Re: Opcode decoding for disassembler

Posted: Thu Apr 18, 2019 3:13 pm
by koitsu
Oh, I see what you meant now. Yes, rainwarrior's answer is the proper solution for a disassembler. The basic premise in this case would be: when handling branch instructions, it should be very easy for you to create a reference to an address that is "outside the ROM range" since branching is based entirely on the current PC/offset. For example, if that bne in your previous code actually ended up branching to $7fbc, your disassembler can either turn that line into bne $7fbc (this is what mine did) or bne L_7FBC (if you keep an internal list of addresses/labels/things) combined with emitting L_7FBC = $7FBC at the top of the disassembly. It's your call.

As for brk: I've always advocated strongly that it be interpreted as 2 bytes for one good reason: the CPU actually increases PC by 2 when handling brk.
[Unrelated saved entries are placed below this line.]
(* Let $n=mp$, where $m$ is a positive integer and $p$ is a prime with $\gcd(m,p)=1$. Let $s,t$ be positive integers with $st=p-1$, and let $g$ be a generator of $\mathbb{Z}_p^\times$. Let $e$ be an integer satisfying $$e\equiv 1\pmod m,\qquad e\equiv g^t\pmod p,$$ and let $G=\langle e\rangle$ be the subgroup of $\mathbb{Z}_n^\times$ generated by $e$. Then the coset index function $f_G$ is an $(mp,\ m(1+t),\ \{0,m(s-1)\})$ zero-difference function.
   Context: For a subgroup $G$ of $\mathbb{Z}_n^\times$ and $r\in\mathbb{Z}_n$, the coset $rG=\{rg\mid g\in G\}$; these cosets partition $\mathbb{Z}_n$, forming a set $D_G$. The coset index function induced by $G$ is $f_G:\mathbb{Z}_n\to\mathbb{Z}_{|D_G|}$, $f_G(x)=h_G(C_x)$, where $C_x$ is the coset containing $x$ and $h_G:D_G\to\mathbb{Z}_{|D_G|}$ is a fixed bijection. A function $f:A\to B$ between finite abelian groups is an $(n,m,S)$ zero-difference function if $n=|A|$, $m=|f(A)|$, and for every nonzero $a\in A$, $|\{x\in A\mid f(x+a)=f(x)\}|\in S$. Here $A=(\mathbb{Z}_n,+)$. *)

theory Defs
  imports "HOL-Number_Theory.Number_Theory"
begin

text \<open>The ring Z_n is modelled by the integers {0..<n} with arithmetic mod n.\<close>

definition cyc_subgroup :: "int \<Rightarrow> int \<Rightarrow> int set" where
  "cyc_subgroup n e = {e ^ k mod n | k. True}"

definition coset_mul :: "int \<Rightarrow> int set \<Rightarrow> int \<Rightarrow> int set" where
  "coset_mul n G r = {(r * x) mod n | x. x \<in> G}"

definition coset_classes :: "int \<Rightarrow> int set \<Rightarrow> int set set" where
  "coset_classes n G = {coset_mul n G r | r. r \<in> {0..<n}}"

text \<open>Coset index function f_G(x) = h_G(C_x), C_x the coset containing x
  (namely xG, since 1 is in G).\<close>
definition coset_index_fun :: "int \<Rightarrow> int set \<Rightarrow> (int set \<Rightarrow> int) \<Rightarrow> int \<Rightarrow> int" where
  "coset_index_fun n G h x = h (coset_mul n G (x mod n))"

definition zero_difference_fun :: "int \<Rightarrow> nat \<Rightarrow> nat set \<Rightarrow> (int \<Rightarrow> 'b) \<Rightarrow> bool" where
  "zero_difference_fun n m S f \<longleftrightarrow>
     card (f ` {0..<n}) = m \<and>
     (\<forall>a \<in> {1..<n}. card {x \<in> {0..<n}. f ((x + a) mod n) = f x} \<in> S)"

end

theory Submission
  imports Defs
begin

(* Since e = 1 (mod m), the coset x<e> in Z_mp is determined, via the Chinese remainder
   theorem, by x mod m together with the coset of x mod p under <e mod p>, a subgroup of order s
   of Z_p^*. Modulo p there are the coset {0} and (p - 1)/s = t cosets of size s, hence
   m (1 + t) cosets in all.
   A shift by a fixes the coset of x iff m divides a and x + a = x e^k (mod p) for some k.
   For such a, p does not divide a, so k ranges over 1..s-1 and each k has the unique solution
   x = a / (e^k - 1) mod p, distinct k giving distinct solutions: s - 1 residues mod p, lifting
   to m (s - 1) elements of Z_mp. *)

lemma card_image_eq_if_same_fibres:
  assumes "\<And>x y. x \<in> A \<Longrightarrow> y \<in> A \<Longrightarrow> F x = F y \<longleftrightarrow> G x = G y"
  shows "card (F ` A) = card (G ` A)"
proof -
  define H where "H c = G (SOME x. x \<in> A \<and> F x = c)" for c
  have H: "H (F x) = G x" if "x \<in> A" for x
  proof -
    have "\<exists>x'. x' \<in> A \<and> F x' = F x" using that by blast
    then have "(SOME x'. x' \<in> A \<and> F x' = F x) \<in> A \<and> F (SOME x'. x' \<in> A \<and> F x' = F x) = F x"
      by (rule someI_ex)
    then show ?thesis unfolding H_def using assms that by blast
  qed
  have "inj_on H (F ` A)"
    by (rule inj_onI) (auto simp: H assms)
  moreover have "H ` F ` A = G ` A"
    by (force simp: H image_iff)
  ultimately show ?thesis
    by (metis card_image)
qed

lemma atLeastLessThan_Suc_mod_mem:
  fixes P :: int
  assumes P: "P > 0" and U: "U \<subseteq> {0..<P}"
  shows "{x \<in> {0..<int (Suc M) * P}. x mod P \<in> U} =
           {x \<in> {0..<int M * P}. x mod P \<in> U} \<union> (+) (int M * P) ` U"
    (is "?S (Suc M) = ?S M \<union> _")
proof (intro equalityI subsetI)
  fix x assume x: "x \<in> ?S (Suc M)"
  show "x \<in> ?S M \<union> (+) (int M * P) ` U"
  proof (cases "x < int M * P")
    case True
    then show ?thesis using x by simp
  next
    case False
    have "x < int M * P + P" using x by (simp add: distrib_right)
    then have "(x - int M * P) mod P = x - int M * P"
      using False by (intro mod_pos_pos_trivial) simp_all
    moreover have "(x - int M * P) mod P = x mod P"
      by (metis diff_add_cancel mod_mult_self1)
    ultimately have "x = int M * P + x mod P" by simp
    then show ?thesis using x by (metis UnI2 image_eqI mem_Collect_eq)
  qed
next
  fix x assume "x \<in> ?S M \<union> (+) (int M * P) ` U"
  then show "x \<in> ?S (Suc M)"
  proof
    assume "x \<in> ?S M"
    moreover have "int M * P \<le> int (Suc M) * P" using P by simp
    ultimately show ?thesis by simp
  next
    assume "x \<in> (+) (int M * P) ` U"
    then obtain u where u: "u \<in> U" "x = int M * P + u" by blast
    then have "x mod P = u"
      using U by (auto intro: mod_pos_pos_trivial)
    moreover have "0 \<le> int M * P" using P by simp
    ultimately show ?thesis using U u by (auto simp: distrib_right)
  qed
qed

lemma card_atLeastLessThan_mod_mem:
  fixes P :: int and M :: nat
  assumes P: "P > 0" and U: "U \<subseteq> {0..<P}"
  shows "card {x \<in> {0..<int M * P}. x mod P \<in> U} = M * card U"
proof (induction M)
  case 0
  then show ?case by simp
next
  case (Suc M)
  let ?S = "\<lambda>M. {x \<in> {0..<int M * P}. x mod P \<in> U}"
  have "?S M \<inter> (+) (int M * P) ` U = {}"
    using U by auto
  moreover have "finite U" using U finite_subset by blast
  moreover have "finite (?S M)" by (rule finite_subset[of _ "{0..<int M * P}"]) auto
  ultimately have "card (?S (Suc M)) = card (?S M) + card ((+) (int M * P) ` U)"
    unfolding atLeastLessThan_Suc_mod_mem[OF assms] by (intro card_Un_disjoint) auto
  then show ?case
    using Suc.IH by (simp add: card_image)
qed

abbreviation cyc_coset :: "int \<Rightarrow> int \<Rightarrow> int \<Rightarrow> int set" where
  "cyc_coset n e x \<equiv> coset_mul n (cyc_subgroup n e) x"

lemma cyc_coset_eq: "cyc_coset n e x = {x * e ^ k mod n | k. True}"
  unfolding coset_mul_def cyc_subgroup_def by (auto simp: mod_mult_right_eq) (metis mod_mult_right_eq)

lemma cyc_coset_mod [simp]: "cyc_coset n e (x mod n) = cyc_coset n e x"
  unfolding cyc_coset_eq by (simp add: mod_mult_left_eq)

lemma mod_mem_cyc_coset: "x mod n \<in> cyc_coset n e x"
  unfolding cyc_coset_eq by (auto intro: exI[of _ 0])

lemma coset_classes_cyc_subgroup:
  "coset_classes n (cyc_subgroup n e) = cyc_coset n e ` {0..<n}"
  unfolding coset_classes_def by blast

lemma cyc_coset_subset:
  assumes "[x = y * e ^ k] (mod n)"
  shows "cyc_coset n e x \<subseteq> cyc_coset n e y"
proof
  fix z assume "z \<in> cyc_coset n e x"
  then obtain j where z: "z = x * e ^ j mod n" unfolding cyc_coset_eq by blast
  have "[x * e ^ j = y * e ^ k * e ^ j] (mod n)"
    using assms by (rule cong_mult) simp
  then have "z = y * e ^ (k + j) mod n"
    using z by (simp add: cong_def power_add mult.assoc)
  then show "z \<in> cyc_coset n e y" unfolding cyc_coset_eq by blast
qed

lemma cyc_coset_eq_iff:
  assumes "[e ^ s = 1] (mod n)" and "s > 0"
  shows "cyc_coset n e x = cyc_coset n e y \<longleftrightarrow> (\<exists>k. [x = y * e ^ k] (mod n))"
proof
  assume "cyc_coset n e x = cyc_coset n e y"
  then have "x mod n \<in> cyc_coset n e y" using mod_mem_cyc_coset by metis
  then show "\<exists>k. [x = y * e ^ k] (mod n)" unfolding cyc_coset_eq cong_def by auto
next
  assume "\<exists>k. [x = y * e ^ k] (mod n)"
  then obtain k where k: "[x = y * e ^ k] (mod n)" ..
  \<comment> \<open>\<open>e ^ (k * (s - 1))\<close> inverts \<open>e ^ k\<close> because \<open>e ^ s = 1\<close>\<close>
  have "[x * e ^ (k * (s - 1)) = y * e ^ k * e ^ (k * (s - 1))] (mod n)"
    using k by (rule cong_mult) simp
  also have "y * e ^ k * e ^ (k * (s - 1)) = y * (e ^ s) ^ k"
    using \<open>s > 0\<close> by (simp add: mult.assoc power_add[symmetric] power_mult[symmetric] algebra_simps)
  also have "[y * (e ^ s) ^ k = y * 1 ^ k] (mod n)"
    using assms(1) by (intro cong_mult cong_pow) simp_all
  finally have "[y = x * e ^ (k * (s - 1))] (mod n)" by (simp add: cong_sym)
  then show "cyc_coset n e x = cyc_coset n e y"
    using cyc_coset_subset k by blast
qed

lemma cyc_coset_eq_of_mem:
  assumes "[e ^ s = 1] (mod n)" and "s > 0" and "z \<in> cyc_coset n e x"
  shows "cyc_coset n e z = cyc_coset n e x"
proof -
  obtain k where "z = x * e ^ k mod n" using assms(3) unfolding cyc_coset_eq by blast
  then have "[z = x * e ^ k] (mod n)" by (simp add: cong_def)
  then show ?thesis using cyc_coset_eq_iff[OF assms(1,2)] by blast
qed

lemma cong_mult_pow_iff_chinese:
  fixes m p :: nat
  assumes "coprime m p" and "[e = 1] (mod int m)"
  shows "[x = y * e ^ k] (mod int (m * p)) \<longleftrightarrow>
           [x = y] (mod int m) \<and> [x = y * e ^ k] (mod int p)"
proof -
  have "[y * e ^ k = y * 1 ^ k] (mod int m)"
    using assms(2) by (intro cong_mult cong_pow) simp_all
  then have "[x = y * e ^ k] (mod int m) \<longleftrightarrow> [x = y] (mod int m)"
    by (simp add: cong_def)
  moreover have "coprime (int m) (int p)" using assms(1) by simp
  ultimately show ?thesis
    by (metis cong_dvd_modulus coprime_cong_mult dvd_triv_left dvd_triv_right of_nat_mult)
qed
Quoting Lichty/Eyes (and now WDC since they own the book):
Although BRK is a one-byte instruction, the program counter (which is pushed onto the stack by the
instruction) is incremented by two; this lets you follow the break instruction with a one-byte signature byte
indicating which break caused the interrupt. Even if a signature byte is not needed, either the byte following the
BRK instruction must be padded with some value or the break-handling routine must decrement the return
address on the stack to let an RTI (return from interrupt) instruction executed correctly.
However, if you read other 6502 books/documents, or even look at old (circa 80s) disassemblers, you'll see that many of them insist it's 1-byte instruction as a whole and that the PC+2 aspect is just a runtime nicety. As such, it is actually somewhat common -- at least on the Apple II series, which is not the platform you're focused on -- to find code where the programmer simply did brk without a signature byte, followed by code that was used normally (not just in the BRK handler!) except the first byte would be effectively skipped. This is a crappy example, but you'll see what I mean:

Code: Select all

L_8000:
  lda $ee
  cmp #$16
  bne Somewhere
  brk
L_8007:
  lda #$ea
  sta $20fe
; ...
; Other legit code from this point on, blah blah blah
; ...
  jmp L_8007
In this case, the optional signature byte would be $a9 (the lda of lda #$ea at $8007). In situations like these, IRQ/BRK handler code tends to end up manipulating the return address on the stack. (Side note: as point of info, not about brk: you'll find many NES games -- like the Final Fantasy series -- that modify the stack like this, especially in a jsr/rts scenario). But if it didn't, if it returned from the BRK handler, it would end up executing an $ea (nop) and continuing on pleasantly.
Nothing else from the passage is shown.